Nov 012018
Decorating Cut Out Cookies

For years I decorated cakes which helped me pay for some of my college.  In recent years, I find I don’t decorate cakes as much.  This little fact may even be a surprise to many of my friends.  However, my new found love is decorating cookies.  They are so much more fun and WAY less pressure.  If you mess one up, there are usually about a dozen more to perfect.  Can’t say that for a cake!

I recently decorated some simple pumpkin cookies and thought I would share the process along with some techniques and tips in case you wish to give it a try.

Cut Out Sugar Cookies

Makes about 18-24 cookies depending on size of cookie cutter.

Ingredients

  • 1 cup butter (cold) cut into small cubes
  • 1 cup sugar
  • 1 egg
  • 1 1/2 tsp vanilla or flavoring of your choice
  • 3 cups flour
  • 2 tsp baking powder

Instructions

  1. Preheat oven to 350 degrees.  In a mixer, beat butter and sugar.  Add egg and vanilla and beat until well combined.  Combine flour and baking powder in separate bowl and add it to the mixer a little at a time until well combined.

  2. On parchment paper, sprinkle some flour and roll out dough until about 1/4 inch thick or maybe a little thicker.  Place shapes on parchment covered cookie sheet.  Freeze for about 5-10 minutes.  

  3. While first batch is in freezer, cut the shapes for second batch and place on a second cookie sheet.

  4. Remove first sheet pan from freezer and bake for about 10-12 minutes.  Place second batch in freezer while first batch is baking.

  5. Once cookies are baked, allow to cool before decorating.

Tips:

Freezing the cookies before baking helps them keep their shape so they do not spread while baking.  So I wouldn’t advise skipping this step!

Cookies should be grouped by size when baking.  Larger cookies take longer to bake so your smaller cookies will be overdone if on same cookie sheet.

Royal Icing

Recipe can decorated about 48 cookies in several colors depending on cookie size and number of colors needed. Recipe can be halved for smaller batches.

Course Dessert
Keyword cookies, Decorating, icing

Ingredients

  • 1/2 cup meringue powder
  • 1 cup water
  • 2 lb powder sugar
  • 1 Tbsp Karo syrup
  • 1-2 tsp flavoring of your choice optional

Instructions

  1. In a mixing bowl with whip attachment, mix meringue powder, water and flavoring until frothy.  On low, gradually add powdered sugar until well mixed, be sure to scrap down bowl.

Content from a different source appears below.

(* Let $\gamma>1$ and $\varphi_e(z)=-\frac{1}{\gamma-1}\log z$ for $z>0$. In the discrete setting described in the context, let $(\rho_K^n)$, $(e_K^n)$ ($K\in\mathcal M$, $0\le n\le N$) be positive, let $\rho_\sigma^{n+1}$, $e_\sigma^{n+1}$ be face values on interior faces, $u_{K,\sigma}^{n+1}$ normal face velocities, and $F_{K,\sigma}^{n+1}=|\sigma|\,\rho_\sigma^{n+1}u_{K,\sigma}^{n+1}$. For $\sigma=K|L\in\mathcal{E}_{\rm int}$ and $0\le n\le N-1$ let $e_{KL}^{n+1}$ be the number $x_{KL}$ associated with $\varphi=\varphi_e$, $x_K=e_K^{n+1}$, $x_L=e_L^{n+1}$, and define \[ (\delta\varphi_e)_\sigma^{n+1}=\varphi_e(e_K^{n+1})-\varphi_e(e_\sigma^{n+1})+\varphi_e'(e_K^{n+1})\bigl[e_{KL}^{n+1}-e_K^{n+1}\bigr]+\tfrac12\bigl[\varphi_e'(e_K^{n+1})+\varphi_e'(e_L^{n+1})\bigr]\bigl[e_\sigma^{n+1}-e_{KL}^{n+1}\bigr], \] \[ |K|\,(\delta R_e)_K^{n+1}=\sum_{\sigma\in\mathcal{E}(K)\cap\mathcal{E}_{\rm int}}(\delta\varphi_e)_\sigma^{n+1}F_{K,\sigma}^{n+1}. \] Assume that for every $\sigma=K|L\in\mathcal{E}_{\rm int}$ and $0\le n\le N-1$: $e_\sigma^{n+1}\in|\hspace{-0.12em}[e_K^{n+1},e_{KL}^{n+1}]\hspace{-0.12em}|$ if $u_{K,\sigma}^{n+1}\ge0$ and $e_\sigma^{n+1}\in|\hspace{-0.12em}[e_L^{n+1},e_{KL}^{n+1}]\hspace{-0.12em}|$ otherwise. Let $M>1$ and suppose $\rho_K^n\le M$, $e_K^n\le M$, $1/e_K^n\le M$, $|u_{K,\sigma}^n|\le M$ for all $K\in\mathcal M$, $\sigma\in\mathcal{E}(K)$, $0\le n\le N$. Let $|\varphi_e'|_\infty=\max(|\varphi_e'(1/M)|,|\varphi_e'(M)|)$. Then \[ \|\delta R_e\|_{-1,1}\le 3\,M^2\,|\varphi_e'|_\infty\,\|e\|_{x,BV}\,h_{\mathcal M}. \]
   Context: Setting: $\Omega\subset\mathbb{R}^d$ bounded; $\mathcal{M}$ a regular polytopal mesh of $\Omega$ with faces $\mathcal{E}$, faces of $K$ denoted $\mathcal{E}(K)$, interior faces $\mathcal{E}_{\rm int}$; $\sigma=K|L$ denotes the interior face between $K$ and $L$; $|K|$, $|\sigma|$ are the measures; ${\boldsymbol x}_K$ is the mass center of $K$; $h_{\mathcal M}=\max_{K}{\rm diam}(K)$. Uniform time grid $t_n=n\,\delta t$, $0\le n\le N$, $t_N=T$. Normal velocities satisfy $u_{L,\sigma}^n=-u_{K,\sigma}^n$ for $\sigma=K|L$ and vanish on boundary faces; face values depend only on the face. Notation $|\hspace{-0.12em}[a,b]\hspace{-0.12em}|=[\min(a,b),\max(a,b)]$. The number $x_{KL}$: for a strictly convex continuously differentiable $\varphi$ on an interval $I$ and $x_K,x_L\in I$, $x_{KL}$ is the unique real number in $|\hspace{-0.12em}[x_K,x_L]\hspace{-0.12em}|$ with $\varphi(x_K)+\varphi'(x_K)(x_{KL}-x_K)=\varphi(x_L)+\varphi'(x_L)(x_{KL}-x_L)$ if $x_K\ne x_L$, and $x_{KL}=x_K=x_L$ otherwise. Norms: $\|z\|_{x,BV}=\sum_{n}\delta t\sum_{\sigma=K|L\in\mathcal{E}_{\rm int}}|\sigma|\,|z_L^n-z_K^n|$, and \[ \|z\|_{-1,1}=\sup_{\psi}\frac{1}{\sup_{{\boldsymbol x}\in\Omega,t\in(0,T)}|\nabla\psi({\boldsymbol x},t)|}\Bigl[\sum_{n}\delta t\sum_{K\in\mathcal M}|K|\,z_K^n\,\psi({\boldsymbol x}_K,t_n)\Bigr], \] supremum over $\psi\in C^\infty_c([0,T)\times\bar\Omega)$ with nonzero gradient, sums over $n$ over the time indices where $z$ is defined. *)

theory Defs
  imports "HOL-Analysis.Analysis"
begin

Add syrup and beat on high for about three minutes.

While the cookies are cooling, make a batch of icing and portion it for two colors.  The orange will be used the most so make the larger portion orange.  I would reserve about 1 1/2 cups for the green.  The orange icing will need to be thinned out using about a tablespoon or two of water at a time to get it to correct consistency.  For proper consistency, you should be able to drizzle the icing from a spoon back into the bowl of icing and it disappears into itself within about five seconds.  Once you have your icing at the correct consistency, allow it to sit a few minutes so bubbles can settle out.

For decorating, you can use decorating bags and tips, but I prefer these squeezable bottles.  They are just easier in my opinion because for this thinned icing (used for “flooding” the cookie), it will leak from the piping bag when not in use and it gets messy.  Trust me on that!  Fill your weapon of choice up with icing and get started!  The first step is to make the above outline of the pumpkin.  (FYI, in case you are wondering why my cookies are speckled, I used vanilla bean paste for my cookie flavoring which is why you see the small specs of vanilla bean seeds.)

Next, completely fill (flood) the middle section of the pumpkin and be sure to puncture any bubbles with a toothpick or a cookie scriber.  Once you outline and flood the middle section, move on and do the rest of the cookies up to this point.  You want this step to dry for at least 15 minutes before you move on to filling the outside sections of the pumpkin.

Next, flood the outside sections of the pumpkin.  The dry time allows the sections to stay separated and creates the lines in the pumpkins.  You do not want the sections to “run” together.

The cookies should be allowed to dry for an hour or so before you add the green stem and vines.  I used a #3 tip for this and a piping bag.  The green icing does not need to be thinned since it’s used for piping and not flooding.  I prefer the textured look for the stem and the vines as you see above.  Only thin icing for the “flooding” parts of your cookie.

Allow the cookies to dry overnight.  They are now ready to enjoy.  You can wrap cookies individually to give away or they freeze very well in a plastic container.  I make most of my decorated cookies weeks in advance and freeze using the parchment paper from the baking process between each layer of cookies so they don’t sit directly on top of each other.  (Yes, I am always trying to re-purpose what I can!)

As always, if you try these, let me know how they work out for you.  Also, if you have any questions ask away in comments.